Painless embeddings of distributions: the function space view
Alex Smola, Arthur Gretton, and Kenji Fukumizu, Helsinki, July 5th, 2008Slides
The three parts will be given by Arthur Gretton (Part 1), Alex Smola (Part 2), and Kenji Fukumizu (Part 3),Objective of tutorial
This tutorial will give an introduction to the recent understanding and methodology of the kernel method: dealing with higher order statistics by embedding painlessly random variables/probability distributions.

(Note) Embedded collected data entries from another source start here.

lemma expected_energy_step:
  "(\<integral>\<^sup>+y. energy (traj (merge (history t) ({t} \<times> E) (x, y)) (Suc t)) \<partial>bernoulli_PiM p ({t} \<times> E))
    \<le> ennreal ((1 - gam) * energy (traj x t))"
proof -
  let ?M = "bernoulli_PiM p ({t} \<times> E)"
  let ?z = "\<lambda>y. merge (history t) ({t} \<times> E) (x, y)"
  let ?X = "traj x t"
  interpret prob_space ?M
    by (rule prob_space_bernoulli_PiM)
  have int: "integrable ?M f" for f :: "_ \<Rightarrow> real"
    using finite_E by (intro integrable_bernoulli_PiM_finite) simp
  have "energy (traj (?z y) (Suc t)) \<le> energy ?X - rho * active_dirichlet (?z y) t ?X" for y
    using energy_Suc_le[of "?z y" t] by (simp add: traj_merge_history)
  then have "(\<integral>y. energy (traj (?z y) (Suc t)) \<partial>?M) \<le> (\<integral>y. energy ?X - rho * active_dirichlet (?z y) t ?X \<partial>?M)"
    by (intro integral_mono int)
  also have "\<dots> = energy ?X - rho * (\<integral>y. active_dirichlet (?z y) t ?X \<partial>?M)"
    using int prob_space by simp
  also have "\<dots> \<le> energy ?X - rho * (p * dirichlet ?X)"
    using expected_active_dirichlet_ge rho_pos by (simp add: mult_left_mono)
  also have "\<dots> \<le> (1 - gam) * energy ?X"
    using energy_contraction[OF antisymmetric_traj] .
  finally show ?thesis
    by (simp add: nn_integral_eq_integral[OF int] energy_nonneg ennreal_leI)
qed

definition expected_energy :: "nat \<Rightarrow> ennreal" where
  "expected_energy t = (\<integral>\<^sup>+\<omega>. energy (traj \<omega> t) \<partial>edge_sampling p E)"

lemma expected_energy_history:
  "expected_energy t = (\<integral>\<^sup>+\<omega>. energy (traj \<omega> t) \<partial>bernoulli_PiM p (history t))"
  unfolding expected_energy_def edge_sampling_def
  by (rule nn_integral_depends_only_on[OF finite_history history_subset depends_only_on_traj])

lemma expected_energy_Suc_le: "expected_energy (Suc t) \<le> ennreal (1 - gam) * expected_energy t"
proof -
  let ?K = "{t} \<times> E"
  have split: "history (Suc t) = history t \<union> ?K" and disjoint: "history t \<inter> ?K = {}"
    by (auto simp: history_def)
  have "expected_energy (Suc t)
      = (\<integral>\<^sup>+x. (\<integral>\<^sup>+y. energy (traj (merge (history t) ?K (x, y)) (Suc t)) \<partial>bernoulli_PiM p ?K)
          \<partial>bernoulli_PiM p (history t))"
    unfolding expected_energy_history split
    by (rule product_sigma_finite.product_nn_integral_fold[OF
          product_prob_space.axioms(1)[OF product_prob_space_bernoulli] disjoint finite_history])
      (simp_all add: finite_E finite_history borel_measurable_bernoulli_PiM_finite)
  also have "\<dots> \<le> (\<integral>\<^sup>+x. ennreal (1 - gam) * energy (traj x t) \<partial>bernoulli_PiM p (history t))"
    using gam_le_1 energy_nonneg
    by (intro nn_integral_mono order_trans[OF expected_energy_step]) (simp add: ennreal_mult)
  also have "\<dots> = ennreal (1 - gam) * expected_energy t"
    by (simp add: expected_energy_history nn_integral_cmult borel_measurable_bernoulli_PiM_finite
        finite_history)
  finally show ?thesis .
qed

lemma expected_energy_le: "expected_energy t \<le> ennreal ((1 - gam) ^ t * energy x0)"
proof (induction t)
  case 0
  interpret prob_space "edge_sampling p E"
    unfolding edge_sampling_def by (rule prob_space_bernoulli_PiM)
  show ?case
    by (simp add: expected_energy_def emeasure_space_1)
next
  case (Suc t)
  have "expected_energy (Suc t) \<le> ennreal (1 - gam) * ennreal ((1 - gam) ^ t * energy x0)"
    using expected_energy_Suc_le Suc.IH by (rule order_trans[OF _ mult_left_mono]) simp
  also have "\<dots> = ennreal ((1 - gam) ^ Suc t * energy x0)"
    using gam_le_1 energy_nonneg by (simp add: ennreal_mult[symmetric] mult.assoc)
  finally show ?case .
qed

lemma energy_x0_le: "energy x0 \<le> 2 * real n / rho"
proof -
  have "energy x0 \<le> (\<Sum>u\<in>Vs. 1 / rho)"
    unfolding energy_def
  proof (rule sum_mono)
    fix u assume u: "u \<in> Vs"
    obtain i b where ib: "u = (i, b)"
      by (cases u)
    have "antisymmetric x0"
      using antisymmetric_traj[of _ 0] by simp
    then have "\<bar>x0 u\<bar> \<le> 1"
      using antisymmetric_abs[of x0 i b] x0_bounds u ib by (auto simp: mem_Vs)
    then have "(x0 u)\<^sup>2 \<le> 1"
      by (simp add: abs_square_le_1)
    then have "(x0 u)\<^sup>2 / a u \<le> 1 / a u"
      using a_pos[OF u] by (intro divide_right_mono) auto
    also have "\<dots> \<le> 1 / rho"
      using rho_le[OF u] rho_pos by (intro divide_left_mono) auto
    finally show "(x0 u)\<^sup>2 / a u \<le> 1 / rho" .
  qed
  also have "\<dots> \<le> real (2 * n) / rho"
    using card_Vs_le rho_pos by (simp add: divide_right_mono)
  finally show ?thesis
    by simp
qed

lemma spread_gt_imp_energy_gt:
  assumes "0 < eps" and "eps < spread Vs x"
  shows "eps\<^sup>2 / 4 < energy x"
proof -
  have fin: "finite (x ` Vs)" "x ` Vs \<noteq> {}"
    using finite_Vs Vs_nonempty by auto
  obtain u1 where u1: "u1 \<in> Vs" "Max (x ` Vs) = x u1"
    using Max_in[OF fin] by auto
  obtain u2 where u2: "u2 \<in> Vs" "Min (x ` Vs) = x u2"
    using Min_in[OF fin] by auto
  have "eps < x u1 - x u2"
    using assms(2) u1 u2 unfolding spread_def by simp
  then obtain u where u: "u \<in> Vs" "eps / 2 < \<bar>x u\<bar>"
  proof (cases "eps / 2 < \<bar>x u1\<bar>")
    case False
    with \<open>eps < x u1 - x u2\<close> have "eps / 2 < \<bar>x u2\<bar>"
      by linarith
    with that u2(1) show ?thesis
      by blast
  qed (use that u1(1) in blast)
  have "eps\<^sup>2 / 4 < (x u)\<^sup>2"
    using power_strict_mono[OF u(2), of 2] assms(1) by (simp add: power_divide)
  also have "\<dots> \<le> (x u)\<^sup>2 / a u"
    using a_pos[OF u(1)] a_lt_1[OF u(1)] by (simp add: le_divide_eq mult_left_le)
  also have "\<dots> \<le> energy x"
    unfolding energy_def by (rule member_le_sum[OF u(1) _ finite_Vs]) (simp add: a_pos less_imp_le)
  finally show ?thesis .
qed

In the early days of kernel machines research, the "kernel trick" was considered a useful way of constructing nonlinear algorithms from linear ones. More recently, however, it has become clear that a potentially more far reaching use of kernels is as a linear way of dealing with higher order statistics by embedding distributions in a suitable reproducing kernel Hilbert space (RKHS). Notably, unlike the straightforward expansion of higher order moments or conventional characteristic function approach, the use of kernels or RKHS provides a painless, tractable way of embedding distributions.
This line of reasoning leads naturally to the questions: what does it mean to embed a distribution in an RKHS? when is this embedding injective (and thus, when do different distributions have unique mappings)? what implications are there for learning algorithms that make use of these embeddings? This tutorial aims at answering these questions.
There are a great variety of applications in machine learning and computer science, which require distribution estimation and/or comparison. They include
- nonparametric hypothesis testing (of homogeneity, independence, and conditional independence). They can be applied to structured domains, such as strings and graphs.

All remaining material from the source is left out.